Table 1 Baseline characteristics of the study participants.

Outcome of vascular accesses

During the 1-year follow-up, 163 patients (69%) had restenosis, 91 patients (39%) had thrombosis after interventions, and 12 accesses were abandoned or surgically revised. Figure 2 displays the post-intervention primary patency and thrombosis-free patency, stratified by thrombosed accesses (n = 39), non-thrombosed fistulas (n = 76), and non-thrombosed grafts (n = 121). The 1-year post-intervention primary patency was 26% for thrombosed accesses, 44% for non-thrombosed fistulas, and 12% for non-thrombosed grafts. The 1-year thrombosis-free patency was 28% for thrombosed accesses, 78% for non-thrombosed fistulas, and 53% for non-thrombosed grafts. The distribution of thrombotic events after interventions occurred predominantly within the first 3 months after interventions, both for patients with thrombosed accesses (67%) and non-thrombosed grafts (45%).

Figure 2

Kaplan-Meier plot of thrombosis-free survival of vascular access in 1 year (Left panel); Distribution of timing of thrombosis after PTA of vascular accesses (Right panel). PTA, percutaneous transluminal angioplasty.

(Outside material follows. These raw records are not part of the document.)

(* Let $n\ge 2$, let $(a_{rq})_{1\le r,q\le n}$ be a real (not necessarily symmetric) matrix, and let $f:\mathbb{R}^n\to\mathbb{R}$, $f(x_1,\dots,x_n)=\sum_{r,q=1}^n a_{rq}\,x_r x_q^2$. Let $M=\mathrm{graph}(f)\subset\mathbb{R}^{n+1}$ with the induced metric $g$, and let $g(t)$, $t\in[0,T)$, be a smooth family of metrics on a neighborhood of $p$ (the origin) in $M$ solving the Ricci flow $\partial_t g=-2\,\mathrm{Ric}(g)$ with $g(0)=g$. Then $Rm(0,p)=0$, and in the global coordinates $x$ the time derivatives $\partial_t R_{ijkl}(0,p)$, for $i<j$, $k<l$, $i\le k$, are: (i) $0$ if $i,j,k,l$ are mutually distinct; (ii) $8(a_{il}a_{lj}+a_{li}a_{ij})-8a_{ij}a_{lj}$ if $i<k=j<l$; (iii) $8a_{ij}a_{kj}-8(a_{ik}a_{kj}+a_{ki}a_{ij})$ if $i<k<l=j$; (iv) $8a_{li}a_{ji}-8(a_{jl}a_{li}+a_{lj}a_{ji})$ if $i=k$, $j\ne l$; (v) $8(a_{ij}^2+a_{ji}^2)-8\big(\sum_{q\ne i,j}a_{qi}a_{qj}+3a_{ii}a_{ij}+3a_{jj}a_{ji}\big)$ if $i=k$, $j=l$. (All other components are determined from these by the symmetries of the curvature tensor.) In particular, if $a_{\alpha\beta}a_{\beta\gamma}+a_{\beta\alpha}a_{\alpha\gamma}=a_{\alpha\gamma}a_{\beta\gamma}$ for all mutually distinct $\alpha,\beta,\gamma$, then $\partial_t R_{ijkl}(0,p)=0$ whenever $\{i,j\}\neq\{k,l\}$. *)

theory Defs
  imports "HOL-Analysis.Analysis"
begin

definition dir_deriv :: "'a::real_normed_vector \<Rightarrow> ('a \<Rightarrow> real) \<Rightarrow> 'a \<Rightarrow> real" where
  "dir_deriv v F z = deriv (\<lambda>s. F (z + s *\<^sub>R v)) 0"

Comparison between early and late thrombosis groups

Patients without thrombosis had a higher shunt age and more native access. They also had significantly higher circulating EPC levels and lower serum indoxyl sulphate levels. When they were classified by the time of thrombosis, more graft access was noted in the early thrombosis groups. In the angiograms of thrombectomy procedures, more patients in the late thrombosis group had stenoses at the outflow vein (84%) compared with patients in the early thrombosis group (41%). The percentages of outflow vein stenosis in thrombectomy procedures were plotted over the timing of recurrent thrombotic events in Fig. 3. There was a non-considerable difference in biological factors between the early and late thrombosis groups, except for higher serum indoxyl sulphate levels in the early thrombosis group (Table 2).

Figure 3

The percentage of outflow vein stenosis in the thrombectomy procedures was plotted over the timing of recurrent thrombotic events.

Table 2 Comparisons of clinical, access, and biological factors between patients with no thrombosis, early thrombosis, and late thrombosis.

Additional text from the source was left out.